Prove that l^1 is complete

  1. Jun 22, 2009 #1
    1. The problem statement, all variables and given/known data

    Prove that [tex]\ell^1[/tex], the space of all (real) sequences [tex]v = \{v_k\}[/tex] such that [tex]\sum|x_k| < \infty [/tex], is complete.

    2. Relevant equations

    [tex]\ell^1[/tex] is a normed space with the norm [tex]||x|| = \sum |x_k|[/tex]

    3. The attempt at a solution

    Let [tex]v_n[/tex] be a Cauchy sequence of sequences in [tex]\ell^1[/tex]. Then for all [tex]\epsilon > 0[/tex] there exists N > 0 such that for all n,m > N we have [tex]\sum |v_{n,k} - v_{m,k}| < \epsilon[/tex] (here [tex]v_{n,k}[/tex] means the kth term of the nth sequence)

    in particular this means that [tex]|v_{n,k} - v_{m,k}| < \epsilon [/tex] so we can define a sequence [tex]u = \{u_k\}[/tex] as [tex]u_k = \lim v_{n,k}[/tex] as n goes to infinity.

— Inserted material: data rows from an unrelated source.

(* For a (Hausdorff) space $X$ the following are equivalent: (i) For every topological vector space $E$, each convex-valued totally-l.s.c. mapping $\Phi:X\rightrightarrows E$ has a continuous selection. (ii) For every set $\mathcal{A}$, each convex-valued totally-l.s.c. mapping $\Phi:X\rightrightarrows\mathbf{c}_{00}(\mathcal{A})$ has a continuous selection (continuity with respect to the norm $\|\cdot\|_1$). (iii) Each open cover of $X$ has an index-subordinated partition of unity. (iv) For every vector space $E$, each convex-valued totally-l.s.c. mapping $\Phi:X\rightrightarrows E$ has a selection which is continuous with respect to the finite topology on $E$.
   Context: A set-valued mapping $\Phi:X\rightrightarrows Y$ assigns to each $x\in X$ a nonempty $\Phi(x)\subseteq Y$; it is convex-valued if each $\Phi(x)$ is convex, and totally-l.s.c. if $\{x:\Phi(x)\cap U\ne\emptyset\}$ is open for every subset $U\subseteq Y$ (no topology on $Y$ is used). A selection is a map $f$ with $f(x)\in\Phi(x)$ for all $x$. $\mathbf{c}_{00}(\mathcal{A})$ is the space of finitely supported functions $\mathcal{A}\to\mathbb{R}$ with $\|y\|_1=\sum|y(\alpha)|$. The finite topology on a vector space $E$: $U$ is open iff $U\cap L$ is open in $L$ for each finite-dimensional linear subspace $L$ (Euclidean topology). An open cover of $X$ indexed by a set $\mathcal{A}$ is a family $\{U_\alpha\}_{\alpha\in\mathcal{A}}$ of open sets with union $X$. A partition of unity indexed by $\mathcal{A}$ is a family of continuous $\xi_\alpha:X\to[0,1]$ with $\sum_\alpha\xi_\alpha(x)=1$ for each $x$ (only countably many nonzero at each $x$, series converging to $1$); it is index-subordinated to $\{U_\alpha\}$ if $\{x:\xi_\alpha(x)\ne0\}\subseteq U_\alpha$ for every $\alpha$. *)

theory Defs
  imports "HOL-Analysis.Analysis" "HOL-Library.Function_Algebras"
begin

text \<open>Real functions \<open>'i \<Rightarrow> real\<close> form a real vector space pointwise (needed so that
  c00(A) is a linear subspace of a real vector space type).\<close>
instantiation "fun" :: (type, real_vector) real_vector
begin
definition scaleR_fun :: "real \<Rightarrow> ('a \<Rightarrow> 'b) \<Rightarrow> 'a \<Rightarrow> 'b" where
  "scaleR_fun r f = (\<lambda>x. r *\<^sub>R f x)"
instance
  by standard (simp_all add: scaleR_fun_def fun_eq_iff scaleR_add_right scaleR_add_left)
end

text \<open>Set-valued mappings \<open>\<Phi> : X \<rightrightarrows> E\<close> are modelled as functions \<open>\<Phi> :: 'a \<Rightarrow> 'e set\<close>,
  considered on the points of \<open>topspace X\<close>.  A vector space \<open>E\<close> is a linear subspace
  \<open>S\<close> of a real vector space type \<open>'e\<close>.\<close>

definition nonempty_valued :: "'a topology \<Rightarrow> ('a \<Rightarrow> 'e set) \<Rightarrow> bool" where
  "nonempty_valued X \<Phi> \<longleftrightarrow> (\<forall>x\<in>topspace X. \<Phi> x \<noteq> {})"

definition convex_valued :: "'a topology \<Rightarrow> ('a \<Rightarrow> 'e::real_vector set) \<Rightarrow> bool" where
  "convex_valued X \<Phi> \<longleftrightarrow> (\<forall>x\<in>topspace X. convex (\<Phi> x))"

text \<open>totally lower semicontinuous: no topology on the target is used\<close>
definition totally_lsc :: "'a topology \<Rightarrow> ('a \<Rightarrow> 'e set) \<Rightarrow> bool" where
  "totally_lsc X \<Phi> \<longleftrightarrow> (\<forall>U. openin X {x \<in> topspace X. \<Phi> x \<inter> U \<noteq> {}})"

definition is_selection :: "'a topology \<Rightarrow> ('a \<Rightarrow> 'e set) \<Rightarrow> ('a \<Rightarrow> 'e) \<Rightarrow> bool" where
  "is_selection X \<Phi> f \<longleftrightarrow> (\<forall>x\<in>topspace X. f x \<in> \<Phi> x)"

definition setvalued_into :: "'a topology \<Rightarrow> 'e set \<Rightarrow> ('a \<Rightarrow> 'e set) \<Rightarrow> bool" where
  "setvalued_into X S \<Phi> \<longleftrightarrow> nonempty_valued X \<Phi> \<and> (\<forall>x\<in>topspace X. \<Phi> x \<subseteq> S)"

    Now i think the sequence u would be the limit of [tex]v_n[/tex] as n goes to inifnity, but i'm not sure how to prove it. Firstly, I dont know how to prove that u converges absolutely. the problem is by the definition of u, given [tex]\epsilon[/tex] I can find a sequence v_n whose terms are each within [tex]\epsilon[\tex] from the corresponding term in u, but when summing, this is like summin [tex]\epsilon[\tex] infinitly many times.. so how can I do it? any hint would be appreciated :)
    Thanks.
     
  2. jcsd
  3. Jun 22, 2009 #2
    if we do this:
    [tex]\lim \sum |v_{n,k} - v_{m,k}| = \sum \lim |v_{n,k} - v_{m,k}| [/tex] where the limit is taken as m -> infinity, then we have [tex]\sum |v_{n,k} - u_{k}| < \epsilon [/tex] for sufficiently large n. But how can I justify interchanging the sum and the limit?
     
  4. Jun 22, 2009 #3
    Your u is good.

    There is a trick to interchanging the sum and the limit, which roughly speaking is this:

    (1) use epsilon,
    (2) change the bound on the infinite sum to a bound on a finite sum from k=1 to j,
    (3) note that the bound is independent of j,
    (4) take your limit as m approaches infinity (OK to do, since sum is finite),
    (5) bound is still independent of j, so now let j approach infinity.

    Here are the details, applied to the problem of showing u converges absolutely.

    (1) [tex]v_n[/tex] is Cauchy so it's bounded; thus [tex]||v_n||\le M[/tex] (using M instead of epsilon for this example)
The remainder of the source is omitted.